Chief of Oncology, Office of Cellular, Tissue and Gene Therapies,
Center for Biologics Evaluation and Research, U.S. Food and Drug Administration
Dr. Liu is an American Board of Internal Medicine-certified internist and medical oncologist. He received his M.D. from Henan Medical University in China. After working as an investigator at the National Institute of Pharmaceutical and Biologic Products in China, the Chinese FDA equivalent, he moved to the U.S. in 1990 as a visiting scientist in the New York Blood Center. His research focused on the molecular biology of hepatitis C virus, leading to the publication of the first report on the genomes of Chinese HCV strains. Subsequently, he received his Ph.D. in molecular biology from Cornell University’s Graduate School of Medical Sciences.

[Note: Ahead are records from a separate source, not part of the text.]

theorem mainTheorem16:
  fixes NX NY :: "real ^ 'n \<Rightarrow> real"
    and T :: "real ^ 'n \<Rightarrow> real ^ 'n"
    and F :: "(real ^ 'n) set"
    and u :: "real ^ 'n"
  assumes "is_norm NX" and "is_norm NY"
    and "polyhedral NX" and "polyhedral NY"
    and "F facet_of unit_ball NX"
    and "linear T" and "bij T"
    and "\<forall>x \<in> rel_interior F. preserves_bj_at NX NY T x"
    and "u \<in> rel_interior F"
  shows "\<exists>G. G facet_of unit_ball NY \<and>
           (\<lambda>x. (1 / NY (T u)) *\<^sub>R T x) ` rel_interior F \<subseteq> rel_interior G"
proof -
  note NX = assms(1) and NY = assms(2) and T = assms(6,7) and u = assms(9)
  have face: "F face_of unit_ball NX" "F \<noteq> unit_ball NX" "convex F"
    and dimF: "aff_dim F = aff_dim (unit_ball NX) - 1"
    using assms(5) by (auto simp: facet_of_def face_of_imp_convex)
  obtain a where aF: "affine hull F = {x. a \<bullet> x = 1}"
    using facet_of_unit_ball_affine_hull[OF NX assms(5)] by blast
  define b where "b = NY (T u) *\<^sub>R adjoint (inv T) a"
  define G where "G = unit_ball NY \<inter> {y. b \<bullet> y = 1}"
  define f where "f = (\<lambda>x. (1 / NY (T u)) *\<^sub>R T x)"
  note supporting = bj_preserving_supporting_functional[OF NX NY face(1,2) aF T assms(8) u,
      folded b_def f_def]
  have G: "G face_of unit_ball NY" "G \<noteq> unit_ball NY"
    using supporting_face_of_unit_ball[OF NY supporting(1)] by (simp_all add: G_def)
  have "NY (T u) > 0" using norm_linear_image_proper_face_pos[OF NX NY face(1,2) T(1)]
      bij_is_inj[OF T(2)] u rel_interior_subset by blast
  then have f: "linear f" "inj f"
    unfolding f_def using linear_compose_scale_right[OF T(1)] bij_is_inj[OF T(2)]
    by (simp_all add: inj_on_def)
  have "f ` rel_interior F \<subseteq> G" using supporting(2) by (auto simp: G_def unit_ball_def)
  moreover have "f ` rel_interior F \<noteq> {}" using u by blast
  moreover have "rel_interior (f ` rel_interior F) = f ` rel_interior F"
    and "aff_dim (f ` rel_interior F) = aff_dim (unit_ball NY) - 1"
    using injective_linear_image_rel_interior[OF f face(3)] dimF
      aff_dim_unit_ball[OF NX] aff_dim_unit_ball[OF NY] by simp_all
  ultimately have "G facet_of unit_ball NY" "f ` rel_interior F \<subseteq> rel_interior G"
    using facet_of_containing_relatively_open[OF convex_unit_ball[OF NY] G] by blast+
  then show ?thesis unfolding f_def by blast
qed
(* Let $p$ and $q$ be probability densities on $\mathbb{R}^d$ with $p\propto e^{-V}$, where $\nabla V$ is $L$-Lipschitz, and $\chi^2(q\|p)<\infty$. Let $\phi=q/p$ and $\psi=\phi/\mathbb{E}_p\phi^2$ (so that $\psi q$ is a probability density). Then $$\mathbb{E}_{\psi q}\big[\|\nabla\ln p(x)\|^2\big]\le\frac{4}{\chi^2(q\|p)+1}\,\mathcal{E}_p\Big(\frac qp\Big)+2dL.$$
   Context: $\chi^2(q\|p)=\int q^2/p-1=\mathbb{E}_p\phi^2-1$. The relative Fisher information is $\mathcal{E}_p(q/p):=\int_{\mathbb{R}^d}\|\nabla (q/p)(x)\|^2p(x)\,dx$. *)

theory Defs
  imports "HOL-Analysis.Analysis"
begin

definition chi2 :: "('a::euclidean_space \<Rightarrow> real) \<Rightarrow> ('a \<Rightarrow> real) \<Rightarrow> real" where
  "chi2 q p = (LINT x|lborel. (q x)\<^sup>2 / p x) - 1"

text \<open>Relative Fisher information E_p(phi) = int ||grad phi||^2 p, given the gradient field
  of phi (extended-valued, as a nonnegative integral).\<close>
definition rel_fisher :: "('a::euclidean_space \<Rightarrow> real) \<Rightarrow> ('a \<Rightarrow> 'a) \<Rightarrow> ennreal" where
  "rel_fisher p gphi = (\<integral>\<^sup>+ x. ennreal ((norm (gphi x))\<^sup>2 * p x) \<partial>lborel)"

end

(*
  Write p = exp (- W) with W = V + ln (int e^(-V)), and phi = q / p.  Then psi q = phi^2 p / N with
  N = E_p phi^2 = chi^2(q||p) + 1, and the claim is the bound
    int phi^2 |grad V|^2 p  <=  4 int |grad phi|^2 p + 2 d L int phi^2 p
  divided by N.  By Fubini it suffices to prove, on every coordinate line, the one-dimensional
  inequality
    int g^2 H^2 e^(-v)  <=  4 int g'^2 e^(-v) + 2 L int g^2 e^(-v)       (v' = H, H L-Lipschitz).
  On an interval it follows by integrating (g^2 H e^(-v))' = (2 g g' H + g^2 H' - g^2 H^2) e^(-v),
  with 2 g g' H <= g^2 H^2 / 2 + 2 g'^2 and H' <= L, up to boundary terms g^2 e^(-v) |H|.
  As H is merely Lipschitz, H is replaced by difference quotients (v (t + s) - v t) / s, and s -> 0.
  Since |H| grows at most linearly while g^2 e^(-v) is integrable, there are arbitrarily remote
  endpoints at which the boundary terms are arbitrarily small.
*)

theory Submission
  imports Defs
begin

section \<open>Integration by parts on an interval\<close>

lemma weighted_score_integrand_bound:
  fixes g G H w w' P \<delta> L :: real
  assumes "0 \<le> P" "\<bar>w - H\<bar> \<le> \<delta>" "w' \<le> L"
  shows "(1/2) * (g\<^sup>2 * H\<^sup>2 * P) - 2 * (G\<^sup>2 * P) - (L + \<delta>\<^sup>2 / 2) * (g\<^sup>2 * P)
    \<le> g\<^sup>2 * w * H * P - 2 * g * G * w * P - g\<^sup>2 * w' * P"
proof -
  have "(w - H)\<^sup>2 \<le> \<delta>\<^sup>2"
    using power_mono[OF assms(2) abs_ge_zero, of 2] by simp
  then have "H\<^sup>2 / 2 - \<delta>\<^sup>2 / 2 - L \<le> w * H - w\<^sup>2 / 2 - w'"
    using \<open>w' \<le> L\<close> by (simp add: power2_diff)
  from mult_left_mono[OF this, of "g\<^sup>2 * P"]
  have "g\<^sup>2 * P * (H\<^sup>2 / 2 - \<delta>\<^sup>2 / 2 - L) \<le> g\<^sup>2 * P * (w * H - w\<^sup>2 / 2 - w')"
    using \<open>0 \<le> P\<close> by simp
  moreover have "2 * (g * w) * G * P \<le> ((g * w)\<^sup>2 / 2 + 2 * G\<^sup>2) * P"
    using sum_squares_ge_zero[of "g * w - 2 * G" 0] \<open>0 \<le> P\<close>
    by (intro mult_right_mono) (auto simp: power2_eq_square algebra_simps)
  ultimately show ?thesis
    by (simp add: power2_eq_square algebra_simps)
qed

Dr. Liu completed his internal medical residency training at Albert Einstein College of Medicine in New York. He pursued his medical oncology specialty training at the National Cancer Institute (NCI) at the National Institutes of Health, where he stayed to focus on the clinical research and development of cancer drugs and biologics.
During his tenure at NCI, he served as associate investigator for multiple Phase 1 and 2 clinical trials investigating a variety of new cancer therapeutics. In particular, he served as protocol chairperson and was responsible for developing and conducting a Phase 1/2 clinical trial using genetically modified cells for the treatment of patients with cancer that formed a basis for a patent issued by the U.S. Patent and Trademark Office.
In 2003, Dr. Liu joined the U.S. Federal Drug Administration’s (FDA) Center for Biologics Evaluation and Research as a clinical reviewer and later became a lead medical officer. From 2008 to 2011, he served as a lead medical officer in the FDA’s Center for Drug Evaluation and Research.
Dr. Liu is a practicing medical oncologist and serves as an attending medical oncologist at Washington Veterans Administration Medical Center.